◆ **Action item**
Up to and including the final line, retype each line of the records below, starting with the one that contains "3 \<le> (1 + (1".

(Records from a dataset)

lemma theta_first_half_ge_one:
  fixes \<tau> :: "complex^2^2" and b :: "real^2"
  assumes sym: "\<tau>$2$1 = \<tau>$1$2" and reduced: "0 \<le> Im (\<tau>$1$2)" "2 * Im (\<tau>$1$2) \<le> Im (\<tau>$1$1)"
      "Im (\<tau>$1$1) \<le> Im (\<tau>$2$2)"
    and y1: "3/2 \<le> Im (\<tau>$1$1)" and b1: "b$1 = 0"
  shows "1 \<le> cmod (theta_char (vec2 (1/2) 0) b 0 \<tau>) * exp (pi * Im (\<tau>$1$1) / 4)"
proof -
  define y where "y = Im (\<tau>$1$1)"
  define x where "x = pi * y / 2"
  define \<rho> where "\<rho> = exp (- x)"
  have "0 < x" unfolding x_def y_def using y1 by simp
  have \<rho>: "0 < \<rho>" "\<rho> \<le> 1/8"
    unfolding \<rho>_def x_def y_def using exp_half_pi_le_eighth[OF y1] by simp_all
  have major: "norm (theta_term (vec2 (1/2) 0) b 0 \<tau> n) * exp (pi * y / 4)
      \<le> exp (- x * of_int (half_index (n$1))) * exp (- x * of_int \<bar>n$2\<bar>)" for n
  proof -
    define m k where "m = n$1" and "k = n$2"
    have "y/2 * (of_int (half_index m) + of_int \<bar>k\<bar>) \<le> y * (of_int m + 1/2)^2
        + 2 * Im (\<tau>$1$2) * (of_int m + 1/2) * of_int k + Im (\<tau>$2$2) * (of_int k)^2 - y/4"
      using quadratic_form_bound_first reduced unfolding y_def by blast
    then have "exp (- pi * (y * (of_int m + 1/2)^2 + 2 * Im (\<tau>$1$2) * (of_int m + 1/2) * of_int k
        + Im (\<tau>$2$2) * (of_int k)^2 - y/4)) \<le> exp (- pi * (y/2 * (of_int (half_index m) + of_int \<bar>k\<bar>)))"
      by simp
    then show ?thesis
      using norm_theta_term[OF sym, where a = "vec2 (1/2) 0" and b = b and n = n]
      by (simp add: m_def k_def x_def y_def exp_add[symmetric] algebra_simps)
  qed
  have mass: "2 / (1 - \<rho>) * ((1 + \<rho>) / (1 - \<rho>)) \<le> 3"
  proof -
    have "2 + 2 * \<rho> \<le> 3 - 6 * \<rho> + 3 * (\<rho> * \<rho>)"
      using \<rho> zero_le_square[of \<rho>] by linarith
    then have "2 * (1 + \<rho>) \<le> 3 * (1 - \<rho>)^2"
      by (simp add: power2_eq_square algebra_simps)
    then show ?thesis using \<rho> by (simp add: field_simps power2_eq_square)
  qed
  show ?thesis
    by (rule theta_normalized_ge_one[OF has_sum_exp_half_index[OF \<open>0 < x\<close>]
          has_sum_exp_abs[OF \<open>0 < x\<close>] _ _ mass[unfolded \<rho>_def] major[unfolded y_def],
          where p = 0 and q = "\<chi> i. if i = 1 then -1 else 0"])
       (use b1 sym in \<open>auto simp: vec_eq_iff half_index_def theta_term_def Let_def sum_2
          norm_theta_term exp_add[symmetric] algebra_simps power2_eq_square\<close>)
qed

lemma theta_second_half_ge_one:
  fixes \<tau> :: "complex^2^2" and b :: "real^2"
  assumes sym: "\<tau>$2$1 = \<tau>$1$2" and reduced: "0 \<le> Im (\<tau>$1$2)" "2 * Im (\<tau>$1$2) \<le> Im (\<tau>$1$1)"
      "Im (\<tau>$1$1) \<le> Im (\<tau>$2$2)"
    and y1: "1 \<le> Im (\<tau>$1$1)" and y2: "3/2 \<le> Im (\<tau>$2$2)" and b2: "b$2 = 0"
  shows "1 \<le> cmod (theta_char (vec2 0 (1/2)) b 0 \<tau>) * exp (pi * Im (\<tau>$2$2) / 4)"
proof -
  define y w where "y = Im (\<tau>$1$1)" and "w = Im (\<tau>$2$2)"
  define x z where "x = pi * y / 2" and "z = pi * w"
  define s r where "s = exp (- x)" and "r = exp (- z)"
  have "0 < x" "0 < z" unfolding x_def y_def z_def w_def using y1 y2 by simp_all
  have s: "0 < s" "s \<le> 213/1000"
    unfolding s_def x_def y_def using exp_half_pi_le[OF y1] by simp_all
  have r: "r \<le> 1/50"
    unfolding r_def z_def w_def using exp_pi_le[OF y2] by simp
  have major: "norm (theta_term (vec2 0 (1/2)) b 0 \<tau> n) * exp (pi * w / 4)
      \<le> exp (- x * of_int (odd_index (n$1))) * exp (- z * of_int (half_index (n$2)))" for n
  proof -
    define m k where "m = n$1" and "k = n$2"
    have "y/2 * of_int (odd_index m) + w * of_int (half_index k) \<le> y * (of_int m)^2
        + 2 * Im (\<tau>$1$2) * of_int m * (of_int k + 1/2) + w * (of_int k + 1/2)^2 - w/4"
      using quadratic_form_bound_second reduced unfolding y_def w_def by blast
    then have "exp (- pi * (y * (of_int m)^2 + 2 * Im (\<tau>$1$2) * of_int m * (of_int k + 1/2)
        + w * (of_int k + 1/2)^2 - w/4))
        \<le> exp (- pi * (y/2 * of_int (odd_index m) + w * of_int (half_index k)))"
      by simp
    then show ?thesis
      using norm_theta_term[OF sym, where a = "vec2 0 (1/2)" and b = b and n = n]
      by (simp add: m_def k_def x_def z_def y_def w_def exp_add[symmetric] algebra_simps)
  qed
  have mass: "(1 + 2 * s / (1 - s * s)) * (2 / (1 - r)) \<le> 3"
  proof -
    have "s * s \<le> (213/1000) * (213/1000)" by (rule mult_mono) (use s in auto)
    then have "2 * s / (1 - s * s) \<le> 9/20" using s by (simp add: divide_le_eq)
    moreover have "2 / (1 - r) \<le> 100/49" using r by (simp add: divide_le_eq)
    ultimately have "(1 + 2 * s / (1 - s * s)) * (2 / (1 - r)) \<le> (1 + 9/20) * (100/49)"
      using r s by (intro mult_mono) (auto simp: divide_le_eq)
    then show ?thesis by (rule order_trans) simp
  qed
  have "exp (- (2 * x)) = s * s" unfolding s_def by (simp add: exp_add[symmetric])
  then show ?thesis
    by (intro theta_normalized_ge_one[OF has_sum_exp_odd_index[OF \<open>0 < x\<close>]
          has_sum_exp_half_index[OF \<open>0 < z\<close>] _ _ _ major[unfolded w_def],
          where p = 0 and q = "\<chi> i. if i = 1 then 0 else -1"])
       (use b2 sym mass in \<open>auto simp: vec_eq_iff half_index_def odd_index_def theta_term_def
          Let_def sum_2 norm_theta_term exp_add[symmetric] algebra_simps power2_eq_square
          s_def r_def intro: exI[of _ 2]\<close>)
qed

lemma theta_lower_bound_le:
  assumes "0 \<le> y1" "0 \<le> y2"
  shows "theta_lower_bound y1 y2 \<le> 3 - (1 + (1 + sqrt 6 / sqrt y1) * exp (- pi * y1 / 6))
                                      * (2 + (1 + 2 / sqrt y2) * exp (- pi * y2 / 4))"
proof -
  have "0 \<le> (2 + sqrt 2 / sqrt y2) * exp (- pi * y2 / 2)"
    and "0 \<le> (1 + (1 + sqrt 2 / sqrt y2) * exp (- pi * y2 / 2)) * exp (- 2 * pi * y1)"
    using assms by (intro mult_nonneg_nonneg add_nonneg_nonneg; simp)+
  moreover have "0 \<le> exp (- pi * y2)" by simp
  ultimately show ?thesis unfolding theta_lower_bound_def by linarith
qed

lemma theta_lower_bound_le_one:
  assumes "0 \<le> y1" "0 \<le> y2"
  shows "theta_lower_bound y1 y2 \<le> 1"
proof -
  have "1 * 2 \<le> (1 + (1 + sqrt 6 / sqrt y1) * exp (- pi * y1 / 6))
                 * (2 + (1 + 2 / sqrt y2) * exp (- pi * y2 / 4))"
    using assms by (intro mult_mono add_increasing2 mult_nonneg_nonneg add_nonneg_nonneg) auto
  with theta_lower_bound_le[OF assms] show ?thesis by linarith
qed

text \<open>For \<open>y1 \<le> 3/2\<close> the first error term exceeds \<open>1\<close>, so the bound is non-positive.\<close>
lemma theta_lower_bound_nonpos_first:
  assumes "0 < y1" "y1 \<le> 3/2" "0 \<le> y2"
  shows "theta_lower_bound y1 y2 \<le> 0"
proof -
  have "2 * sqrt y1 = sqrt (4 * y1)" by (simp add: real_sqrt_mult)
  also have "\<dots> \<le> sqrt 6" using assms by simp
  finally have "2 \<le> sqrt 6 / sqrt y1" using assms by (simp add: le_divide_eq)
  moreover have "pi * y1 \<le> 4 * (3/2)" by (rule mult_mono) (use pi_less_4 assms in auto)
  then have "exp (-1) \<le> exp (- pi * y1 / 6)" by simp
  then have "100/272 \<le> exp (- pi * y1 / 6)" using exp_minus_one_ge by linarith
  ultimately have "(1 + 2) * (100/272) \<le> (1 + sqrt 6 / sqrt y1) * exp (- pi * y1 / 6)"
    by (intro mult_mono) auto
  then have "1 \<le> (1 + sqrt 6 / sqrt y1) * exp (- pi * y1 / 6)"
    by (rule order_trans[rotated]) simp
  then have "2 * 2 \<le> (1 + (1 + sqrt 6 / sqrt y1) * exp (- pi * y1 / 6))
                 * (2 + (1 + 2 / sqrt y2) * exp (- pi * y2 / 4))"
    using assms by (intro mult_mono) auto
  with theta_lower_bound_le[of y1 y2] assms show ?thesis by linarith
qed

text \<open>For \<open>y2 \<le> 1\<close> the second error term exceeds \<open>1\<close>, so the bound is non-positive.\<close>
lemma theta_lower_bound_nonpos_second:
  assumes "0 \<le> y1" "0 < y2" "y2 \<le> 1"
  shows "theta_lower_bound y1 y2 \<le> 0"
proof -
  have "2 \<le> 2 / sqrt y2" using assms by (simp add: le_divide_eq)
  moreover have "pi * y2 \<le> 4 * 1" by (rule mult_mono) (use pi_less_4 assms in auto)
  then have "exp (-1) \<le> exp (- pi * y2 / 4)" by simp
  then have "100/272 \<le> exp (- pi * y2 / 4)" using exp_minus_one_ge by linarith
  ultimately have "(1 + 2) * (100/272) \<le> (1 + 2 / sqrt y2) * exp (- pi * y2 / 4)"
    by (intro mult_mono) auto
  then have "1 \<le> (1 + 2 / sqrt y2) * exp (- pi * y2 / 4)"
    by (rule order_trans[rotated]) simp
  then have "1 * 3 \<le> (1 + (1 + sqrt 6 / sqrt y1) * exp (- pi * y1 / 6))
                 * (2 + (1 + 2 / sqrt y2) * exp (- pi * y2 / 4))"
    using assms by (intro mult_mono) auto
  with theta_lower_bound_le[of y1 y2] assms show ?thesis by linarith
qed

◆ **Output**
  then have "1 * 3 \<le> (1 + (1 + sqrt 6 / sqrt y1) * exp (- pi * y1 / 6))
                 * (2 + (1 + 2 / sqrt y2) * exp (- pi * y2 / 4))"
    using assms by (intro mult_mono) auto
  with theta_lower_bound_le[of y1 y2] assms show ?thesis by linarith
qed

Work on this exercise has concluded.